# Given data
·····

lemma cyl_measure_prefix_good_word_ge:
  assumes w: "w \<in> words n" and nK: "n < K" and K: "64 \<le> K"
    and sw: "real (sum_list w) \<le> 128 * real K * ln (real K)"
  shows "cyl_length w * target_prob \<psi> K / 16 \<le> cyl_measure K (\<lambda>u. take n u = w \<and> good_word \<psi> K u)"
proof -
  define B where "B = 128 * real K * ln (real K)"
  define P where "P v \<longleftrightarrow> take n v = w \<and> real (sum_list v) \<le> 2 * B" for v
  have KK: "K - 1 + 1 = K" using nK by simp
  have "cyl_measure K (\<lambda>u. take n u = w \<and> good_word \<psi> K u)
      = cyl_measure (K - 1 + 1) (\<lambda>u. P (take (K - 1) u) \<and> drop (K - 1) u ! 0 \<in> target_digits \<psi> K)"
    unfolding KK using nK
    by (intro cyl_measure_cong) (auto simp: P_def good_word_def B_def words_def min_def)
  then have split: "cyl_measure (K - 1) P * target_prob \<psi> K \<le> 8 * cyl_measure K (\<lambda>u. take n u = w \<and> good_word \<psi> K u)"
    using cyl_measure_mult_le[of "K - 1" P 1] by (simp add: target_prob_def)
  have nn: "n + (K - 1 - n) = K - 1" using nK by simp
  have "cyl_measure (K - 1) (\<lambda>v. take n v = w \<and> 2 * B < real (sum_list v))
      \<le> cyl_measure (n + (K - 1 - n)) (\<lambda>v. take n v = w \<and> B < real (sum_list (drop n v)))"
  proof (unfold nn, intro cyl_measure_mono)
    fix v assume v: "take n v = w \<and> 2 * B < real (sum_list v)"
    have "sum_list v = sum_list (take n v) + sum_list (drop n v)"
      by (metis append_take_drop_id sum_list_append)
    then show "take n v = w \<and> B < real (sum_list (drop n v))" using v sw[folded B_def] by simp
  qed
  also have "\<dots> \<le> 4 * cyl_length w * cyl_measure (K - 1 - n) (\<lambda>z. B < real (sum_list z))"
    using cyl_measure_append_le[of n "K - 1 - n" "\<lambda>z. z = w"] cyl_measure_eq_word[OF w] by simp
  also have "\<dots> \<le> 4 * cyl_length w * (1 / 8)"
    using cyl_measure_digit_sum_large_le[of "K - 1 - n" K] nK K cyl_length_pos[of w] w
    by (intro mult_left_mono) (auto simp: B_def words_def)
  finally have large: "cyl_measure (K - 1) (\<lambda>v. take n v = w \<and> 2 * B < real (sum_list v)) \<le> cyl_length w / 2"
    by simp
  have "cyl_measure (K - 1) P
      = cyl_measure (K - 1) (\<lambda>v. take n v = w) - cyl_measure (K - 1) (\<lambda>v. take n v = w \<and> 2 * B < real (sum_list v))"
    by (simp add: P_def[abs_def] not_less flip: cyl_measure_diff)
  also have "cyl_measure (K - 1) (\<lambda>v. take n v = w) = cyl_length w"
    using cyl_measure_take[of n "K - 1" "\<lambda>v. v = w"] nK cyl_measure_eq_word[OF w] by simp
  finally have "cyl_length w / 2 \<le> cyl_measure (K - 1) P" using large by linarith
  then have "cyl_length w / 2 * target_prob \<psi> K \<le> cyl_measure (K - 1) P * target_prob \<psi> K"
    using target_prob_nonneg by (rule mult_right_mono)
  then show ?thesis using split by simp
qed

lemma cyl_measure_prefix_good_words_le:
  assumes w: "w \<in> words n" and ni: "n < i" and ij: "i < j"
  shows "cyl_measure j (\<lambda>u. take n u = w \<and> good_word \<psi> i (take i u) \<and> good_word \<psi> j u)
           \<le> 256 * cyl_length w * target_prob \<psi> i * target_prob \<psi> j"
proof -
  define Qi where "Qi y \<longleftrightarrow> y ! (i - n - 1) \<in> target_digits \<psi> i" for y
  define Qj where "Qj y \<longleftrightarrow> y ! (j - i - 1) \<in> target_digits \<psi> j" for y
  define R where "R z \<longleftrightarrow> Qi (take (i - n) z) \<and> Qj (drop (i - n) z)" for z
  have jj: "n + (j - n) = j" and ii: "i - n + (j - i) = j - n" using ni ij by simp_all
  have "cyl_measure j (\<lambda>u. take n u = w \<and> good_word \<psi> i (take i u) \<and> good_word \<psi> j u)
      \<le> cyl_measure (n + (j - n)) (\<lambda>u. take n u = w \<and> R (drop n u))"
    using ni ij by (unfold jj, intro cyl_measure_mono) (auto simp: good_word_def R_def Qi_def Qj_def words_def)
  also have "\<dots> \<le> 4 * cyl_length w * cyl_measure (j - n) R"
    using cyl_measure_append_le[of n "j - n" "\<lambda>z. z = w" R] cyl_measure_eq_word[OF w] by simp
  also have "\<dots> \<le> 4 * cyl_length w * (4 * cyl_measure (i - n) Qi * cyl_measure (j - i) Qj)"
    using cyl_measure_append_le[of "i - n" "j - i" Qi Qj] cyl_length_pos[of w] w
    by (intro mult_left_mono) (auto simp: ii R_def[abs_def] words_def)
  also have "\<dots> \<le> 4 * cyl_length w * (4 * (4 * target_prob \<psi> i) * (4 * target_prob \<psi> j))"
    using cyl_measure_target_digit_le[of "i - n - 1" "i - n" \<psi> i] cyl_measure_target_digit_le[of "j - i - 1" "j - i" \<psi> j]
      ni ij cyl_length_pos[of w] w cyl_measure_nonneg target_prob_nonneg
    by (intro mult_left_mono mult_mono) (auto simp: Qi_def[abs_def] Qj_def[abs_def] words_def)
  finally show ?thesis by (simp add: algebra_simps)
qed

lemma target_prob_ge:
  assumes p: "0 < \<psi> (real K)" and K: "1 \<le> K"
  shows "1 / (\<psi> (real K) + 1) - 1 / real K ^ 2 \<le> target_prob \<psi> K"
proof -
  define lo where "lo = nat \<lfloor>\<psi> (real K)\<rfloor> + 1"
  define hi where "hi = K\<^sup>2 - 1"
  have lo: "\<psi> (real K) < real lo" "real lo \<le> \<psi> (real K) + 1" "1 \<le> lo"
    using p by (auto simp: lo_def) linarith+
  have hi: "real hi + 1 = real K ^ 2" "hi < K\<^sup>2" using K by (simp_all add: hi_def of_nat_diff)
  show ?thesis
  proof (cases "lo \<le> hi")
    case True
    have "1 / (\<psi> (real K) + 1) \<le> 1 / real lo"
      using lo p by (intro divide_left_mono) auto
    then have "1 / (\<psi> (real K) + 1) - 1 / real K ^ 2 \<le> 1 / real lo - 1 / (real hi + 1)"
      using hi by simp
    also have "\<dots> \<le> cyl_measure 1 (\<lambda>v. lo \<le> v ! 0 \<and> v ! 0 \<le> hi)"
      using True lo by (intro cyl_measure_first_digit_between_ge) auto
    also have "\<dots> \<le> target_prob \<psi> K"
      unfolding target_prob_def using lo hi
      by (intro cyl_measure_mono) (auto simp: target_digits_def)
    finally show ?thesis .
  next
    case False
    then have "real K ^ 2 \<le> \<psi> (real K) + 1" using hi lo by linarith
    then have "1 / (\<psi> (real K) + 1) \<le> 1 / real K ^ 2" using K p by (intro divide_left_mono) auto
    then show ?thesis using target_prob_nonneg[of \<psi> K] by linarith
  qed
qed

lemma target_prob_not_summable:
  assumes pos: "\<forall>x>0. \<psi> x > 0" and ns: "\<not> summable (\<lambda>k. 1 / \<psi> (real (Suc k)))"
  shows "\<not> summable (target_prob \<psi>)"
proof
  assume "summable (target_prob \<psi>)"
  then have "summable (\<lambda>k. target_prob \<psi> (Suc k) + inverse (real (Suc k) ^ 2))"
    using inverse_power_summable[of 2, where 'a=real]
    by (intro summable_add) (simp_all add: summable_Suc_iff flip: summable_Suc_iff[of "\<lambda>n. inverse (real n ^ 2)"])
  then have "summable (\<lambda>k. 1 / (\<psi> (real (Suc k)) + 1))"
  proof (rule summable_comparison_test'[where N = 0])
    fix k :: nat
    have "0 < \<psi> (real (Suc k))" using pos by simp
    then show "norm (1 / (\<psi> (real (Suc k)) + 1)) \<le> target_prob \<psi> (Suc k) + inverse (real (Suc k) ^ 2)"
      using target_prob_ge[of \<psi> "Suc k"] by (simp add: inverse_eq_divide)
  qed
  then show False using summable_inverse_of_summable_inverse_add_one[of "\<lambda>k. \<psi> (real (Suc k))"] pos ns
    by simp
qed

·····

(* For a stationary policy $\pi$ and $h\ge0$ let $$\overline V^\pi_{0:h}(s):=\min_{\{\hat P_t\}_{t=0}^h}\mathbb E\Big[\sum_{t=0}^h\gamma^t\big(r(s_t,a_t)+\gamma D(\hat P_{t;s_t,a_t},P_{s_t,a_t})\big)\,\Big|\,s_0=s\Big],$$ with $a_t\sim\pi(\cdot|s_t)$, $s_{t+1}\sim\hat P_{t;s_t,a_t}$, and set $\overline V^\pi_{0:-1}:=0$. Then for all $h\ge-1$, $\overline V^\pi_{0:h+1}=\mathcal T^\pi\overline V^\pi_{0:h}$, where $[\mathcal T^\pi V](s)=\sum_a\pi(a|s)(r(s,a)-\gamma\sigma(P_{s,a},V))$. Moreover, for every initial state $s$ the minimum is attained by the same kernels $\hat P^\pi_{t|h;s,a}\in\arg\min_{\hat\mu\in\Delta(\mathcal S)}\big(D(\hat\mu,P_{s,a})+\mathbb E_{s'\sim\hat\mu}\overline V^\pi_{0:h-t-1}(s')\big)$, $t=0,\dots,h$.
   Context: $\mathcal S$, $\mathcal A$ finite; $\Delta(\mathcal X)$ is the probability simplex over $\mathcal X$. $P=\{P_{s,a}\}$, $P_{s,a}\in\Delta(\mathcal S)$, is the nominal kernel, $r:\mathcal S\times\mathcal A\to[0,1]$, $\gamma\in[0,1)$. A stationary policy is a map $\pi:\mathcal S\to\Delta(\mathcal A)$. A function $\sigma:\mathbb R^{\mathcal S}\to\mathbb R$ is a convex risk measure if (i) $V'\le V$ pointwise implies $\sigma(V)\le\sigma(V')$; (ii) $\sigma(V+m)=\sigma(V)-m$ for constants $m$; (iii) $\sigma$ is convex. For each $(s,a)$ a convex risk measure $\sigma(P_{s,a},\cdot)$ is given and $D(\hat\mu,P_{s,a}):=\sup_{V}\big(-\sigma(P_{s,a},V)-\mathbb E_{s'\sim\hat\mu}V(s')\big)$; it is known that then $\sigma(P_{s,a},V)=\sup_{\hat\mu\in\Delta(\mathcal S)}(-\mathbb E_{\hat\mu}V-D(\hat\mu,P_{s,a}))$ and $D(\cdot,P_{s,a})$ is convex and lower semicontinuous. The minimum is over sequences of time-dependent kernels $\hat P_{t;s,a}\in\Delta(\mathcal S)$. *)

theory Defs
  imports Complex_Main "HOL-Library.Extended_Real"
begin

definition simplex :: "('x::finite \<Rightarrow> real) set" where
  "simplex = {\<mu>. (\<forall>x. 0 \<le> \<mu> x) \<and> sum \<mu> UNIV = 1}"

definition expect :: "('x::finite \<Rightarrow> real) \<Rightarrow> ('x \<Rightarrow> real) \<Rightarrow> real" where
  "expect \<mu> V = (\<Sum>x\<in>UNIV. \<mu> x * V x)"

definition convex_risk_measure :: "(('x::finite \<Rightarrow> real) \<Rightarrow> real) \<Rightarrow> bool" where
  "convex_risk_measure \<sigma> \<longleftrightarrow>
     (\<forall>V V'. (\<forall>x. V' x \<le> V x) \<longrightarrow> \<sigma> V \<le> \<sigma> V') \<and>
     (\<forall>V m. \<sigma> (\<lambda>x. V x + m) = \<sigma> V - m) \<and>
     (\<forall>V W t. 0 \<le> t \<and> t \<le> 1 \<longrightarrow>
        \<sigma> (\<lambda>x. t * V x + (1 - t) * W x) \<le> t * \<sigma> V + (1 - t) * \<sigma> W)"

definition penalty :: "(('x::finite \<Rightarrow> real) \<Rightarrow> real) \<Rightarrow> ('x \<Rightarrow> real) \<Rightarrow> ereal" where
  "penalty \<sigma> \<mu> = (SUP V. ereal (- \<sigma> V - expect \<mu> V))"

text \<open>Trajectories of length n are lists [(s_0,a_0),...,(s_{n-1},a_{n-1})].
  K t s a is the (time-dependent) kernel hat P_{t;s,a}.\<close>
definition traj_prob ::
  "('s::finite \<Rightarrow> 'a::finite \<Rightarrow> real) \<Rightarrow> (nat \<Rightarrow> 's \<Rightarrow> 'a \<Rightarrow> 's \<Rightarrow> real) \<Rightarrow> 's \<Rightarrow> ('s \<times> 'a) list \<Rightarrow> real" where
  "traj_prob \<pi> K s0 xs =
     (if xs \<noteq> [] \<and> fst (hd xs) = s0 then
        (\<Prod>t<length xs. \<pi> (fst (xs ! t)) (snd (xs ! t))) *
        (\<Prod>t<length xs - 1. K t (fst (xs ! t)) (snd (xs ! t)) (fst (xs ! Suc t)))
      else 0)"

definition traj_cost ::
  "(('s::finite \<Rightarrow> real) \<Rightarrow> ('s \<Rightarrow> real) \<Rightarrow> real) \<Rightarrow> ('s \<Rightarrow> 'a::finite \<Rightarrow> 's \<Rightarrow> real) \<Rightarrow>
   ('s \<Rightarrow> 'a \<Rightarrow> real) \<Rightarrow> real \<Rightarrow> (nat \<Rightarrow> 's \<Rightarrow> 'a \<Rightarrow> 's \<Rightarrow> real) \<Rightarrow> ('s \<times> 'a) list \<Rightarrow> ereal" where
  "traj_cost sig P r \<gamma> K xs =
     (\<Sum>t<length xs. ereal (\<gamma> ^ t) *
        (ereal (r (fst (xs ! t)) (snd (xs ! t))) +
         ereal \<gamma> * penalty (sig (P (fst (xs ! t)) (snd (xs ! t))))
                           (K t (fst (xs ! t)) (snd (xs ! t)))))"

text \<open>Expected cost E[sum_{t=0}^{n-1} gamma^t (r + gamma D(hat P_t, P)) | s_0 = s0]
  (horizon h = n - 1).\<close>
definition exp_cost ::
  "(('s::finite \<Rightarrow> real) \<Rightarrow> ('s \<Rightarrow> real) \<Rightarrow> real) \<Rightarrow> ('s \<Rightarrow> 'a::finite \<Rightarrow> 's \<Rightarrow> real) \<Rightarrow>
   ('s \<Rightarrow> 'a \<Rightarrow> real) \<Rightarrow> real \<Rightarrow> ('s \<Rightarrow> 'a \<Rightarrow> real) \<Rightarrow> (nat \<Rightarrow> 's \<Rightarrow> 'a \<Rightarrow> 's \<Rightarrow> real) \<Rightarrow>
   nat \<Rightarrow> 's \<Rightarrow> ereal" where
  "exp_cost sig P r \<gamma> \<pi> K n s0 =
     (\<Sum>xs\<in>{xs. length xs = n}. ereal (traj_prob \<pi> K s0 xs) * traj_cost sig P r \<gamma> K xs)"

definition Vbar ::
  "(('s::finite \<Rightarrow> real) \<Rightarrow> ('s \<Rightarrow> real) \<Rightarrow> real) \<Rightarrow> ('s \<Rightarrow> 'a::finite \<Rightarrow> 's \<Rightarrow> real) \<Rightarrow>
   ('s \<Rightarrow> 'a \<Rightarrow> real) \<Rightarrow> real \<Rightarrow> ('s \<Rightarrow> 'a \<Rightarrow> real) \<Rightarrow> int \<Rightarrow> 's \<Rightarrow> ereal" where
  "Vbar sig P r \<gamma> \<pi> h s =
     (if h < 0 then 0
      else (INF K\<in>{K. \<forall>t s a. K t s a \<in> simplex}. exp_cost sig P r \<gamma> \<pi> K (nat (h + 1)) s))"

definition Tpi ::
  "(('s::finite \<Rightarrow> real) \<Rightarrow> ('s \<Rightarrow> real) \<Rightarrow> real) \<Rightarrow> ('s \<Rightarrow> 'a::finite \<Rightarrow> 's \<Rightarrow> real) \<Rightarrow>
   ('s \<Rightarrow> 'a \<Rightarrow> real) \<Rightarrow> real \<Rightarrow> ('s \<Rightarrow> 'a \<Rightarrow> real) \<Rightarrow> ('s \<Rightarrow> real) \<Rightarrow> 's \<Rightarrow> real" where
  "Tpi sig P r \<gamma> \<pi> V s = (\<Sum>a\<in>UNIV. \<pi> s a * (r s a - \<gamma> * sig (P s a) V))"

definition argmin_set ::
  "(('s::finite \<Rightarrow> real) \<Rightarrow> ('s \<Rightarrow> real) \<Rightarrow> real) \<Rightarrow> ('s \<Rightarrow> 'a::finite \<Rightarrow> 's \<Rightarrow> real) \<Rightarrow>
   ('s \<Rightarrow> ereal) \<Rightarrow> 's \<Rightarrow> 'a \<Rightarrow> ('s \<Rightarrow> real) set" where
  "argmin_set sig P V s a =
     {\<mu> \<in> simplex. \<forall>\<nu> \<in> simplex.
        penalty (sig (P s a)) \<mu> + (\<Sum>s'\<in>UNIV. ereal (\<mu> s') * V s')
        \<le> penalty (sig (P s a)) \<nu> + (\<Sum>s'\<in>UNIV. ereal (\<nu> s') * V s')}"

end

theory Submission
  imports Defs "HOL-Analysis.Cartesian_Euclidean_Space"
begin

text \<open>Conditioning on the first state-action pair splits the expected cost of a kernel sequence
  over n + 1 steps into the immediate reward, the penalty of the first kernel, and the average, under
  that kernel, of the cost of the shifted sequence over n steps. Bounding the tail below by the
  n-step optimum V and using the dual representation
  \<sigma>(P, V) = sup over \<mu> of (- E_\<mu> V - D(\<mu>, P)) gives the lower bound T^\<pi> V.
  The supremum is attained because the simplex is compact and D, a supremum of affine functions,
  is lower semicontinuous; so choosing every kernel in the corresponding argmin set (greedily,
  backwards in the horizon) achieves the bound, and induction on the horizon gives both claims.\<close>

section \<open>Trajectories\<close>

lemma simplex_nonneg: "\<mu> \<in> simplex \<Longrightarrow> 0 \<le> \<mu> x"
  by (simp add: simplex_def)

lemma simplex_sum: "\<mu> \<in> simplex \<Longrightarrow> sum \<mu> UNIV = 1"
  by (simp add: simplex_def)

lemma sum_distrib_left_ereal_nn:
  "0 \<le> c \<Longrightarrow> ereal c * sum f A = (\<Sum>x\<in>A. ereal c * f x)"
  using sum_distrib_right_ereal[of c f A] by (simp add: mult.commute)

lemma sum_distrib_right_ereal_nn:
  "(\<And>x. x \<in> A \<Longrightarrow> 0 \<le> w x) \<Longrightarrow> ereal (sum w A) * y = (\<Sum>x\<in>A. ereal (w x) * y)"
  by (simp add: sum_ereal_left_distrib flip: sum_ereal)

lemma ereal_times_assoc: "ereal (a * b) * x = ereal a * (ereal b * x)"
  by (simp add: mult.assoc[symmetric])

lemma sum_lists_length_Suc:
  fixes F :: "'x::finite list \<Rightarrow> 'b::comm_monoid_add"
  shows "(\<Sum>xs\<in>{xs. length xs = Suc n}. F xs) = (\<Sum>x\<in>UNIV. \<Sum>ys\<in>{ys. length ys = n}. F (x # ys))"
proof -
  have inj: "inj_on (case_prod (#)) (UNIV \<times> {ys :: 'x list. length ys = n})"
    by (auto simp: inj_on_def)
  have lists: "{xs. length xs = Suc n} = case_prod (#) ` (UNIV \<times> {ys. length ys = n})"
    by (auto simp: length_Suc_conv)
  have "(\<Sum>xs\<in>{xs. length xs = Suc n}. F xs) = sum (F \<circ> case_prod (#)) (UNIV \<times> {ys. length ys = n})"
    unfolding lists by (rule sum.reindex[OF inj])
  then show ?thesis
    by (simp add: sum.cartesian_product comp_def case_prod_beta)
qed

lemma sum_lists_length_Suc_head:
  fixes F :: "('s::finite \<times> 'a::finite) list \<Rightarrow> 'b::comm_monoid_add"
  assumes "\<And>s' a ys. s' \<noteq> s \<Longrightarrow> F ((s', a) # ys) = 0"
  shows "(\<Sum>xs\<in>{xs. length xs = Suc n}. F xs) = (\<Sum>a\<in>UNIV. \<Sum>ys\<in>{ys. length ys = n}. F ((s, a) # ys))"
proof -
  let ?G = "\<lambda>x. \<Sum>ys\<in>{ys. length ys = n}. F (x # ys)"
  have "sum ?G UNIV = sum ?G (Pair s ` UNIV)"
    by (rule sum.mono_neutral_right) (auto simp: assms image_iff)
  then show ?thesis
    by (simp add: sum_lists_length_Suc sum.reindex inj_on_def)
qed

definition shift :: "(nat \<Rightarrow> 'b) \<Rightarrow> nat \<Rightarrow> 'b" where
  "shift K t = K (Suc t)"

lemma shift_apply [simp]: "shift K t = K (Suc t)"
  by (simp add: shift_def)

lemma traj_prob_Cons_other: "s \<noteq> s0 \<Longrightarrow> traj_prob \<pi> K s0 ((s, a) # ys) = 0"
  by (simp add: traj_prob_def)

·····

Could you repeat exactly the lines in the listing above from the one with "define P where" down to the one with "by (intro cyl_measure_cong)"? Include both of those lines.

  define P where "P v \<longleftrightarrow> take n v = w \<and> real (sum_list v) \<le> 2 * B" for v
  have KK: "K - 1 + 1 = K" using nK by simp
  have "cyl_measure K (\<lambda>u. take n u = w \<and> good_word \<psi> K u)
      = cyl_measure (K - 1 + 1) (\<lambda>u. P (take (K - 1) u) \<and> drop (K - 1) u ! 0 \<in> target_digits \<psi> K)"
    unfolding KK using nK
    by (intro cyl_measure_cong) (auto simp: P_def good_word_def B_def words_def min_def)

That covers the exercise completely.